Benford’s law is one of those very weird things that we can’t explain, and when we discover more and more phenomena that obey the law, we became astonished. Two people (Simon Newcomb – 1881 and Frank Benford – 1938) noted the law in the same way, while flipping pages of a logarithmic table book; they noticed that the pages at the beginning of the book were dirtier than the pages at the end.
Currently, there are no a priori criteria that say to us when a dataset will or will not obey the Benford’s Law. And it is because of this, that I’ve done an analysis on the Twitter Public Timeline.
The Twitter API to get Public Timeline is simply useless for this analysis because in the API Docs, they say that the Public Timeline is cached for 60 seconds ! 60 seconds is an eternity, and there is a request rating of 150 request/hour. So, it doesn’t help, buuuuuut, there is an alpha testing API with pretty and very useful streams of data from the Public Timeline; there are many methods in the Twitter Streaming API, and the most interesting one is the “Firehose”, which returns ALL the public statuses, but this method is only available for intere$ting people, and I’m not one of them. Buuuut, we have “Spritzer”, which returns a portion of all public statuses, since it’s only what we have available in the moment, it MUST be useful, and it’s a pretty stream of data =)

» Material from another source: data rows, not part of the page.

(* Consider an $N$-player episodic Markov game in which all agents run the BM-OFTRL algorithm with smooth value updates described in the context. For every $(h,t)\in[H]\times[T]$, \[ \delta_h^t \leq \sum_{j=1}^t \alpha_t^j\, \delta_{h+1}^j + \operatorname{SwapReg}_h^t. \]
   Context: Markov game: $N$ agents $\mathcal{N}=\{1,\dots,N\}$, horizon $H$, finite state space $\mathcal{S}$, finite action sets $\mathcal{A}_i$ ($A_i=|\mathcal A_i|$), joint action space $\mathcal{A}_{\mathrm{all}}=\prod_i\mathcal{A}_i$, rewards $r_{h,i}:\mathcal{S}\times\mathcal{A}_{\mathrm{all}}\to[0,1]$, transitions $P_h(\cdot\mid s,\bm a)$. For a (possibly correlated, non-Markov) policy $\pi$ acting from step $h$, $V^\pi_{h,i}(s)$ is the expected sum of agent $i$'s rewards from step $h$ to $H$ given $s_h=s$; all values at step $H+1$ are $0$. Notation: $[Q\pi_{h,-i}](s,a_i)=\sum_{\bm a_{-i}}Q(s,a_i,\bm a_{-i})\prod_{k\ne i}\pi_{h,k}(s,a_k)$, $[Q\pi_h](s)=\sum_{\bm a}Q(s,\bm a)\prod_k\pi_{h,k}(s,a_k)$, $P_h[V](s,\bm a)=\mathbb E_{s'\sim P_h(\cdot\mid s,\bm a)}V(s')$. Weights: $\alpha_t=\frac{H+1}{H+t}$, $\alpha_t^j=\alpha_j\prod_{j'=j+1}^t(1-\alpha_{j'})$ ($1\le j\le t$); at iteration $t$, $w_j=\alpha_t^j/\alpha_t^1$. Algorithm (agent $i$; all agents run it), learning rate $\eta>0$, log-barrier $\mathcal R(\bm x)=-\sum_a\log\bm x[a]$. Initialize $Q^0_{h,i}\equiv0$, $\pi^0_{h,i}(s,\cdot)$ uniform, $Q^t_{H+1,i}\equiv0$. For $t=1,\dots,T$: for all $s,h$, $a_i$: $\ell^{t,a_i}_{h,i}(s,a_i')=\sum_{j=1}^{t-1}w_j\pi^j_{h,i}(s,a_i)[Q^j_{h,i}\pi^j_{h,-i}](s,a_i')+w_t\pi^{t-1}_{h,i}(s,a_i)[Q^{t-1}_{h,i}\pi^{t-1}_{h,-i}](s,a_i')$, $q^{t,a_i}_{h,i}(s,\cdot)=\arg\max_{\bm x\in\Delta(\mathcal A_i)}\{\langle\bm x,\eta\ell^{t,a_i}_{h,i}(s,\cdot)/w_t\rangle-\mathcal R(\bm x)\}$, and $\pi^t_{h,i}(s,\cdot)$ is a distribution with $\pi^t_{h,i}(s,\cdot)=\sum_{a_i}\pi^t_{h,i}(s,a_i)q^{t,a_i}_{h,i}(s,\cdot)$. Then for $h=H,\dots,1$: $Q^t_{h,i}(s,\bm a)=(1-\alpha_t)Q^{t-1}_{h,i}(s,\bm a)+\alpha_t\big(r_{h,i}(s,\bm a)+P_h[\,[Q^t_{h+1,i}\pi^t_{h+1}]\,](s,\bm a)\big)$. Correlated policy $\bar\pi^t_h$ (acting from step $h$): for $h'=h,\dots,H$, sample $\tau\in[t]$ with $\mathbb P(\tau=j)=\alpha^j_t$ (shared randomness), all agents play the product policy $\pi^\tau_{h'}$ at step $h'$, set $t\leftarrow\tau$. Strategy modification for agent $i$ effective from step $h$: $\phi_i=\{\phi^s_{h',i}:\mathcal A_i\to\mathcal A_i\}_{h'\ge h,s}$; $\phi_i\diamond\pi$ replaces agent $i$'s recommended action $a_i$ at step $h'$, state $s$ by $\phi^s_{h',i}(a_i)$. Definitions: $\delta_h^t=\max_{i\in\mathcal N}\max_{\phi_i}\max_{s\in\mathcal S}\big(V^{\phi_i\diamond\bar\pi^t_h}_{h,i}(s)-V^{\bar\pi^t_h}_{h,i}(s)\big)$, with $\delta^t_{H+1}=0$; $\operatorname{SwapReg}^t_{h,i}(s)=\max_{\phi^s_{h,i}:\mathcal A_i\to\mathcal A_i}\sum_{j=1}^t\alpha^j_t\langle\phi^s_{h,i}\diamond\pi^j_{h,i}(s,\cdot)-\pi^j_{h,i}(s,\cdot),[Q^j_{h,i}\pi^j_{h,-i}](s,\cdot)\rangle$, where $\phi\diamond\bm x$ is the distribution of $\phi(a)$ for $a\sim\bm x$; $\operatorname{SwapReg}^t_h=\max_i\max_s\operatorname{SwapReg}^t_{h,i}(s)$. *)

theory Defs
  imports "HOL-Probability.Probability_Mass_Function"
begin

definition alpha :: "nat \<Rightarrow> nat \<Rightarrow> real" where
  "alpha H t = (real H + 1) / (real H + real t)"

definition alphaw :: "nat \<Rightarrow> nat \<Rightarrow> nat \<Rightarrow> real" where
  "alphaw H t j = alpha H j * (\<Prod>j'\<in>{j+1..t}. (1 - alpha H j'))"

definition wgt :: "nat \<Rightarrow> nat \<Rightarrow> nat \<Rightarrow> real" where
  "wgt H t j = alphaw H t j / alphaw H t 1"

definition joint :: "('i \<Rightarrow> 'a set) \<Rightarrow> ('i \<Rightarrow> 'a) set" where
  "joint A = {a. \<forall>k. a k \<in> A k}"

definition margQ ::
  "('i \<Rightarrow> 'a set) \<Rightarrow> (nat \<Rightarrow> nat \<Rightarrow> 'i \<Rightarrow> 's \<Rightarrow> 'a \<Rightarrow> real) \<Rightarrow>
   (nat \<Rightarrow> nat \<Rightarrow> 'i \<Rightarrow> 's \<Rightarrow> ('i \<Rightarrow> 'a) \<Rightarrow> real) \<Rightarrow> nat \<Rightarrow> nat \<Rightarrow> 'i \<Rightarrow> 's \<Rightarrow> 'a \<Rightarrow> real" where
  "margQ A pol Q j h i s b =
     (\<Sum>a\<in>{a\<in>joint A. a i = b}. Q j h i s a * (\<Prod>k\<in>-{i}. pol j h k s (a k)))"
(* Let $C_s=\begin{pmatrix}0&\mathbf 1_2\\-\mathbf 1_2&0\end{pmatrix}$ and $\mathrm{Sp}(4,\mathbb Z)=\{g\in M_4(\mathbb Z): g^TC_sg=C_s\}$. Consider the integer matrices $$S_1=\begin{pmatrix}0&0&1&0\\0&1&0&0\\-1&0&0&0\\0&0&0&1\end{pmatrix},\ S_2=\begin{pmatrix}1&0&0&0\\0&0&0&1\\0&0&1&0\\0&-1&0&0\end{pmatrix},\ Q_1=\begin{pmatrix}0&-1&0&0\\1&0&0&0\\0&0&0&-1\\0&0&1&0\end{pmatrix},\ Q_2=\begin{pmatrix}0&0&0&1\\0&0&1&0\\0&-1&0&0\\-1&0&0&0\end{pmatrix},$$ $$T_1=\begin{pmatrix}1&0&1&0\\0&1&0&0\\0&0&1&0\\0&0&0&1\end{pmatrix},\ T_2=\begin{pmatrix}1&0&0&0\\0&1&0&1\\0&0&1&0\\0&0&0&1\end{pmatrix},\ T_3=\begin{pmatrix}1&0&0&1\\0&1&1&0\\0&0&1&0\\0&0&0&1\end{pmatrix},\ T_4=\begin{pmatrix}1&1&0&0\\0&1&0&0\\0&0&1&0\\0&0&-1&1\end{pmatrix},$$ $$T_5=\begin{pmatrix}1&0&0&0\\-1&1&0&0\\0&0&1&1\\0&0&0&1\end{pmatrix},\ T_6=\begin{pmatrix}1&0&0&0\\0&1&0&0\\-1&0&1&0\\0&0&0&1\end{pmatrix},\ T_7=\begin{pmatrix}1&0&0&0\\0&1&0&0\\0&-1&1&0\\-1&0&0&1\end{pmatrix},\ T_8=\begin{pmatrix}1&0&0&0\\0&1&0&0\\0&0&1&0\\0&-1&0&1\end{pmatrix}.$$ Then all these matrices lie in $\mathrm{Sp}(4,\mathbb Z)$, and: (i) the group $\mathfrak P_{32}$ generated by $S_1,S_2,Q_1,Q_2$ is finite of order $32$; it is generated by $\mathcal A=Q_1S_1$ and $\mathcal B=Q_2^3$, which satisfy $\mathcal A^8=\mathcal B^4=(\mathcal B\mathcal A)^4=\mathbf 1_4$; (ii) the set $\{\gamma T\gamma^{-1}:\gamma\in\mathfrak P_{32},\ T\in\{T_1^{\pm1},T_2^{\pm1},T_3^{\pm1},T_4^{\pm1}\}\}$ consists of exactly $16$ matrices, namely $T_1^{\pm1},\dots,T_8^{\pm1}$; (iii) $(T_1T_6)^6=(T_2T_8)^6=(T_3T_7)^6=(T_4T_5)^6=\mathbf 1_4$; (iv) consequently, letting $\mathfrak T$ be the group generated by $T_1,\dots,T_8$ and $\Delta_{32,8}$ the subgroup of $\mathrm{Sp}(4,\mathbb Z)$ generated by $\mathfrak P_{32}$ and $\mathfrak T$, every element of $\Delta_{32,8}$ can be written as $\gamma\, t$ with $\gamma\in\mathfrak P_{32}$, $t\in\mathfrak T$, and $\mathfrak T$ is a normal subgroup of $\Delta_{32,8}$.
   Context: $\mathrm{Sp}(4,\mathbb R)$ acts on the Siegel upper half-plane of degree 2 (complex symmetric $2\times2$ matrices $Z$ with positive definite imaginary part) by $Z\mapsto (AZ+B)(CZ+D)^{-1}$ for $g=\begin{pmatrix}A&B\\C&D\end{pmatrix}$; $T_1,\dots,T_8$ are unipotent (parabolic) and $S_1,S_2,Q_1,Q_2$ lie in the maximal compact subgroup. *)

theory Defs
  imports "HOL-Analysis.Analysis"
begin

type_synonym imat4 = "int^4^4"

text \<open>Matrices are given row by row: M $ i $ j is the entry in row i, column j.\<close>
definition mat4 :: "int list list \<Rightarrow> imat4" where
  "mat4 rs = vector (map vector rs)"

fun mpow :: "imat4 \<Rightarrow> nat \<Rightarrow> imat4" where
  "mpow A 0 = mat 1"
| "mpow A (Suc n) = A ** mpow A n"

inductive_set gen_group :: "imat4 set \<Rightarrow> imat4 set" for S where
  one: "mat 1 \<in> gen_group S"
| gen: "s \<in> S \<Longrightarrow> s \<in> gen_group S"
| mult: "a \<in> gen_group S \<Longrightarrow> b \<in> gen_group S \<Longrightarrow> a ** b \<in> gen_group S"
| inv: "a \<in> gen_group S \<Longrightarrow> invertible a \<Longrightarrow> matrix_inv a \<in> gen_group S"

definition Cs :: imat4 where
  "Cs = mat4 [[0,0,1,0],[0,0,0,1],[-1,0,0,0],[0,-1,0,0]]"

definition Sp4Z :: "imat4 set" where
  "Sp4Z = {g. transpose g ** Cs ** g = Cs}"

definition S1 :: imat4 where "S1 = mat4 [[0,0,1,0],[0,1,0,0],[-1,0,0,0],[0,0,0,1]]"
definition S2 :: imat4 where "S2 = mat4 [[1,0,0,0],[0,0,0,1],[0,0,1,0],[0,-1,0,0]]"
definition Q1 :: imat4 where "Q1 = mat4 [[0,-1,0,0],[1,0,0,0],[0,0,0,-1],[0,0,1,0]]"
definition Q2 :: imat4 where "Q2 = mat4 [[0,0,0,1],[0,0,1,0],[0,-1,0,0],[-1,0,0,0]]"

definition T1 :: imat4 where "T1 = mat4 [[1,0,1,0],[0,1,0,0],[0,0,1,0],[0,0,0,1]]"
definition T2 :: imat4 where "T2 = mat4 [[1,0,0,0],[0,1,0,1],[0,0,1,0],[0,0,0,1]]"
definition T3 :: imat4 where "T3 = mat4 [[1,0,0,1],[0,1,1,0],[0,0,1,0],[0,0,0,1]]"
definition T4 :: imat4 where "T4 = mat4 [[1,1,0,0],[0,1,0,0],[0,0,1,0],[0,0,-1,1]]"
definition T5 :: imat4 where "T5 = mat4 [[1,0,0,0],[-1,1,0,0],[0,0,1,1],[0,0,0,1]]"
definition T6 :: imat4 where "T6 = mat4 [[1,0,0,0],[0,1,0,0],[-1,0,1,0],[0,0,0,1]]"
definition T7 :: imat4 where "T7 = mat4 [[1,0,0,0],[0,1,0,0],[0,-1,1,0],[-1,0,0,1]]"
definition T8 :: imat4 where "T8 = mat4 [[1,0,0,0],[0,1,0,0],[0,0,1,0],[0,-1,0,1]]"

definition P32 :: "imat4 set" where "P32 = gen_group {S1, S2, Q1, Q2}"
definition TT :: "imat4 set" where "TT = gen_group {T1, T2, T3, T4, T5, T6, T7, T8}"
definition Delta32_8 :: "imat4 set" where "Delta32_8 = gen_group (P32 \<union> TT)"

end

theory Submission
  imports Defs
begin

(*
  Everything reduces to finitely many matrix computations once the groups are under control.
  The structural ingredient: if each generator of a matrix group maps a finite set into itself
  (under an action such as left multiplication or conjugation), then every group element
  permutes that set, because an injective self-map of a finite set is onto.
  For left multiplication this puts P32 inside the 32-element set of products A^i (BA)^k,
  which consists of words in A and B.  For conjugation it shows that P32 permutes the sixteen
  matrices T_i^(+-1), and therefore normalizes the group they generate.  A group generated by
  a subgroup G and a subgroup H normalized by G is the product GH, which gives (iv).
*)

lemma vector_4 [simp]:
  "(vector [x, y, z, w] :: 'a::zero^4) $ 1 = x"
  "(vector [x, y, z, w] :: 'a::zero^4) $ 2 = y"
  "(vector [x, y, z, w] :: 'a::zero^4) $ 3 = z"
  "(vector [x, y, z, w] :: 'a::zero^4) $ 4 = w"
  unfolding vector_def by simp_all

lemma mat4_mult:
  "mat4 [[a11,a12,a13,a14],[a21,a22,a23,a24],[a31,a32,a33,a34],[a41,a42,a43,a44]] **
   mat4 [[b11,b12,b13,b14],[b21,b22,b23,b24],[b31,b32,b33,b34],[b41,b42,b43,b44]] =
   mat4 [[a11*b11+a12*b21+a13*b31+a14*b41, a11*b12+a12*b22+a13*b32+a14*b42,
          a11*b13+a12*b23+a13*b33+a14*b43, a11*b14+a12*b24+a13*b34+a14*b44],
         [a21*b11+a22*b21+a23*b31+a24*b41, a21*b12+a22*b22+a23*b32+a24*b42,
          a21*b13+a22*b23+a23*b33+a24*b43, a21*b14+a22*b24+a23*b34+a24*b44],
         [a31*b11+a32*b21+a33*b31+a34*b41, a31*b12+a32*b22+a33*b32+a34*b42,
          a31*b13+a32*b23+a33*b33+a34*b43, a31*b14+a32*b24+a33*b34+a34*b44],
         [a41*b11+a42*b21+a43*b31+a44*b41, a41*b12+a42*b22+a43*b32+a44*b42,
          a41*b13+a42*b23+a43*b33+a44*b43, a41*b14+a42*b24+a43*b34+a44*b44]]"
  unfolding mat4_def by (simp add: vec_eq_iff forall_4 matrix_matrix_mult_def sum_4)

lemma mat4_diff:
  "mat4 [[a11,a12,a13,a14],[a21,a22,a23,a24],[a31,a32,a33,a34],[a41,a42,a43,a44]] -
   mat4 [[b11,b12,b13,b14],[b21,b22,b23,b24],[b31,b32,b33,b34],[b41,b42,b43,b44]] =
   mat4 [[a11-b11, a12-b12, a13-b13, a14-b14], [a21-b21, a22-b22, a23-b23, a24-b24],
         [a31-b31, a32-b32, a33-b33, a34-b34], [a41-b41, a42-b42, a43-b43, a44-b44]]"
  unfolding mat4_def by (simp add: vec_eq_iff forall_4)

So, I’ve got the Spritzer real-time stream of data and processed each new status which arrived with a regex to find all the numbers in the status; if the status was “I have 5 dogs and 3 cats”, the numbers collected should be “[5, 3]”. All those accumulated numbers were then checked against the Benford’s Law. I’ve used Matplotlib to plot the two curves (the Benford’s Law and the Twitter statuses digits distribution) to empirically observe the correlation between them. You can note in the upper right corner of the video, the Pearson’s correlation between the two distributions too.
Here is the video (I’ve seen only after creating of the video, but the color of the curves are the inverse as seen in the legend):
The video represents the 15 minutes (3.160 captured statuses) of the Twitter Public Timeline. At the end of the video, you can see a Pearson’s correlation of 0.95. It seems that we have found another Benford’s son =)
The little tool to handle the Twitter Spritzer stream of data and plot the correlation graph in real-time was entirely written in Python, I’ll do a clean-up and post it here soon I got time. The tool has generated 1823 png images that were merged using ffmpeg.
I hope you enjoyed =)